START SUPPLIED DATA

lemma coords_basis_tw:
  assumes Z: "Z \<in> span (X ` {..<m})"
    and c: "c \<in> carrier_vec m" "A *\<^sub>v c = vec m (\<lambda>l. g Z (X l))"
  shows "coords m (basis_tw m X A) Z = (\<lambda>j. if j < m then vec_index c j else 0)"
proof -
  have inner_X: "g (\<Sum>j<m. d j *\<^sub>R basis_tw m X A j) (X l) = vec_index (A *\<^sub>v vec m d) l"
    if "l < m" for d l
    unfolding basis_tw_def sum_scaleR_sum_swap using inner_sum_frame[of "{..<m}"] that A_carrier
    by (simp add: scalar_prod_def lessThan_atLeast0)
  show ?thesis
  proof (unfold coords_def, rule the_equality)
    let ?c = "\<lambda>j. if j < m then vec_index c j else 0"
    have "g (\<Sum>j<m. ?c j *\<^sub>R basis_tw m X A j) (X l) = g Z (X l)" if "l < m" for l
    proof -
      have "vec m ?c = c" using c(1) by auto
      then have "g (\<Sum>j<m. ?c j *\<^sub>R basis_tw m X A j) (X l) = vec_index (A *\<^sub>v c) l"
        using inner_X[OF that, of ?c] by (simp only:)
      then show ?thesis using c(2) that by simp
    qed
    then have "Z = (\<Sum>j<m. ?c j *\<^sub>R basis_tw m X A j)"
      using Z by (intro frame_eqI) (auto intro: span_sum span_scale basis_tw_in_span)
    then show "(\<forall>j\<ge>m. ?c j = 0) \<and> Z = (\<Sum>j<m. ?c j *\<^sub>R basis_tw m X A j)" by simp
  next
    fix d assume d: "(\<forall>j\<ge>m. d j = 0) \<and> Z = (\<Sum>j<m. d j *\<^sub>R basis_tw m X A j)"
    have "A *\<^sub>v vec m d = A *\<^sub>v c"
    proof (rule eq_vecI)
      fix l assume "l < dim_vec (A *\<^sub>v c)"
      then have "l < m" using A_carrier by simp
      then show "vec_index (A *\<^sub>v vec m d) l = vec_index (A *\<^sub>v c) l"
        using inner_X[of l d] d c(2) by simp
    qed (use A_carrier in simp)
    then have "vec m d = c" using invertible_mat_mult_vec_inj[OF A_carrier A_invertible _ c(1)] by simp
    then show "d = (\<lambda>j. if j < m then vec_index c j else 0)" using d by (auto simp: fun_eq_iff)
  qed
qed

lemma coeff_Y: "g Z (Y j) = (\<Sum>l<m. P $$ (l, j) * g Z (X l))"
  unfolding basis_tw_def by (simp add: sum_right scale_right)
(* Let $G=A_{n,k}$ be an almost-path graph and let $\mathcal{I}$ be a lower order ideal in the poset (ordered by inclusion) of vertex sets $\varnothing\neq I\subseteq[n+1]$ with $G[I]$ connected. Then the ideal subarrangement $\mathcal{A}_{\mathcal{I}}:=\{H_I\mid I\in\mathcal{I}\}$ of $\mathcal{A}_G$ is MAT-free.
   Context: For $1\le k\le n$, the almost-path graph $A_{n,k}$ has vertex set $[n+1]$ and edges $\{i,i+1\}$ for $1\le i\le n-1$ together with $\{k,n+1\}$. For a graph $G$ on $[m]$, $H_I:=\ker(\sum_{i\in I}x_i)\subseteq\mathbb{Q}^m$ and $\mathcal{A}_G:=\{H_I\mid\varnothing\neq I\subseteq[m],\ G[I]\text{ connected}\}$. An arrangement $\mathcal{A}$ in $V$ is MAT-free if there is an ordered partition $(\pi_1|\dots|\pi_r)$ of $\mathcal{A}$ such that, with $\mathcal{A}_0:=\varnothing$ and $\mathcal{A}_k:=\pi_1\cup\dots\cup\pi_k$, for every $0\le k\le r-1$: (1) the hyperplanes of $\pi_{k+1}$ are linearly independent (rank $|\pi_{k+1}|$); (2) $\bigcap_{H\in\pi_{k+1}}H\not\subseteq\bigcup_{H'\in\mathcal{A}_k}H'$; (3) $|\mathcal{A}_k|-|\{H\cap H'\mid H'\in\mathcal{A}_k\}|=k$ for each $H\in\pi_{k+1}$. *)

theory Defs
  imports Complex_Main
begin

text \<open>Ambient space Q^m, realised as functions nat => rat supported on {1..m}.\<close>
definition ambient :: "nat \<Rightarrow> (nat \<Rightarrow> rat) set" where
  "ambient m = {x. \<forall>i. i \<notin> {1..m} \<longrightarrow> x i = 0}"

definition hyp :: "nat \<Rightarrow> (nat \<Rightarrow> rat) \<Rightarrow> (nat \<Rightarrow> rat) set" where
  "hyp m a = {x \<in> ambient m. (\<Sum>i=1..m. a i * x i) = 0}"

definition H_of :: "nat \<Rightarrow> nat set \<Rightarrow> (nat \<Rightarrow> rat) set" where
  "H_of m I = {x \<in> ambient m. (\<Sum>i\<in>I. x i) = 0}"

definition lin_indep_forms :: "nat \<Rightarrow> (nat \<Rightarrow> rat) set \<Rightarrow> bool" where
  "lin_indep_forms m S \<longleftrightarrow> finite S \<and>
     (\<forall>c :: (nat \<Rightarrow> rat) \<Rightarrow> rat. (\<forall>j\<in>{1..m}. (\<Sum>a\<in>S. c a * a j) = 0) \<longrightarrow> (\<forall>a\<in>S. c a = 0))"

text \<open>A set of hyperplanes in Q^m is linearly independent (has rank equal to its cardinality):
  one can choose defining forms, one per hyperplane, which are linearly independent.\<close>
definition indep_hyps :: "nat \<Rightarrow> (nat \<Rightarrow> rat) set set \<Rightarrow> bool" where
  "indep_hyps m P \<longleftrightarrow> (\<exists>f. inj_on f P \<and>
     (\<forall>H\<in>P. f H \<in> ambient m \<and> f H \<noteq> (\<lambda>_. 0) \<and> H = hyp m (f H)) \<and>
     lin_indep_forms m (f ` P))"

definition ordered_partition :: "'a set \<Rightarrow> 'a set list \<Rightarrow> bool" where
  "ordered_partition A ps \<longleftrightarrow> (\<forall>p\<in>set ps. p \<noteq> {}) \<and>
     (\<forall>i<length ps. \<forall>j<length ps. i \<noteq> j \<longrightarrow> ps!i \<inter> ps!j = {}) \<and> \<Union>(set ps) = A"
lemma (in prob_space) sigma_finite_subalgebra_of_subalgebra:
  assumes "subalgebra M H"
  shows "sigma_finite_subalgebra M H"
proof -
  have "finite_measure_subalgebra M H" by unfold_locales (rule assms)
  then show ?thesis by (rule finite_measure_subalgebra_is_sigma_finite)
qed

lemma (in sigma_finite_subalgebra) nn_cond_exp_sum_finite:
  assumes "finite I" "\<And>i. i \<in> I \<Longrightarrow> f i \<in> borel_measurable M"
  shows "AE x in M. nn_cond_exp M F (\<lambda>x. \<Sum>i\<in>I. f i x) x = (\<Sum>i\<in>I. nn_cond_exp M F (f i) x)"
  using assms
proof (induction I rule: finite_induct)
  case empty
  have "AE x in M. 0 = nn_cond_exp M F (\<lambda>x. 0) x"
    by (rule nn_cond_exp_F_meas) simp
  then show ?case by auto
next
  case (insert i I)
  have "AE x in M. nn_cond_exp M F (f i) x + nn_cond_exp M F (\<lambda>x. \<Sum>j\<in>I. f j x) x
      = nn_cond_exp M F (\<lambda>x. f i x + (\<Sum>j\<in>I. f j x)) x"
    using insert.prems by (intro nn_cond_exp_sum) auto
  with insert show ?case by auto
qed

lemma doob_dynkin_ennreal:
  fixes f :: "'w \<Rightarrow> ennreal"
  assumes f: "f \<in> borel_measurable (vimage_algebra \<Omega> T N)" and T: "T \<in> \<Omega> \<rightarrow> space N"
  obtains \<phi> where "\<phi> \<in> borel_measurable N" "\<And>\<omega>. \<omega> \<in> \<Omega> \<Longrightarrow> f \<omega> = \<phi> (T \<omega>)"
proof -
  obtain u where u: "\<And>i. simple_function (vimage_algebra \<Omega> T N) (u i)" "incseq u"
    "\<And>i x. u i x < top" "\<And>x. (SUP i. u i x) = f x"
    using borel_measurable_implies_simple_function_sequence'[OF f] by blast
  have fin: "finite (u i ` \<Omega>)" for i
    using simple_functionD(1)[OF u(1)[of i]] by simp
  have "\<exists>A. A \<in> sets N \<and> u i -` {v} \<inter> \<Omega> = T -` A \<inter> \<Omega>" for i v
  proof -
    have "u i -` {v} \<inter> \<Omega> \<in> sets (vimage_algebra \<Omega> T N)"
      using simple_functionD(2)[OF u(1)[of i]] by simp
    then show ?thesis unfolding sets_vimage_algebra2[OF T] by auto
  qed
  then obtain A where A: "\<And>i v. A i v \<in> sets N" "\<And>i v. u i -` {v} \<inter> \<Omega> = T -` (A i v) \<inter> \<Omega>"
    by metis
  define \<psi> where "\<psi> i x = (\<Sum>v\<in>u i ` \<Omega>. v * indicator (A i v) x)" for i x
  define \<phi> where "\<phi> x = (SUP i. \<psi> i x)" for x
  have "\<phi> \<in> borel_measurable N"
    unfolding \<phi>_def \<psi>_def using A(1) by measurable
  moreover have "f \<omega> = \<phi> (T \<omega>)" if \<omega>: "\<omega> \<in> \<Omega>" for \<omega>
  proof -
    have "\<psi> i (T \<omega>) = u i \<omega>" for i
    proof -
      have "indicator (A i v) (T \<omega>) = (if u i \<omega> = v then 1 else (0::ennreal))" for v
        using A(2)[of i v] \<omega> by (auto simp: indicator_def)
      then have "\<psi> i (T \<omega>) = (\<Sum>v\<in>u i ` \<Omega>. if u i \<omega> = v then v else 0)"
        unfolding \<psi>_def by (intro sum.cong) auto
      also have "\<dots> = u i \<omega>" using fin[of i] \<omega> by (simp add: sum.delta)
      finally show ?thesis .
    qed
    then show ?thesis unfolding \<phi>_def using u(4) by simp
  qed
  ultimately show ?thesis using that by blast
qed

text \<open>A version of \<open>(P(Y = y | H))\<^sub>y\<close>; it lies in the simplex only almost surely.\<close>

definition cond_class_prob :: "'w measure \<Rightarrow> 'w measure \<Rightarrow> ('w \<Rightarrow> 'm::finite) \<Rightarrow> 'w \<Rightarrow> real^'m" where
  "cond_class_prob M H Y \<omega> = (\<chi> y. enn2real (nn_cond_exp M H (indicator (Y -` {y} \<inter> space M)) \<omega>))"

END SUPPLIED DATA

§ **WHAT IS BEING ASKED**
Copy all the lines from the data above that hold the word "unfolding".

§ **EXERCISE SOLUTION**
    unfolding basis_tw_def sum_scaleR_sum_swap using inner_sum_frame[of "{..<m}"] that A_carrier
  unfolding basis_tw_def by (simp add: sum_right scale_right)
    then show ?thesis unfolding sets_vimage_algebra2[OF T] by auto
    unfolding \<phi>_def \<psi>_def using A(1) by measurable
        unfolding \<psi>_def by (intro sum.cong) auto
    then show ?thesis unfolding \<phi>_def using u(4) by simp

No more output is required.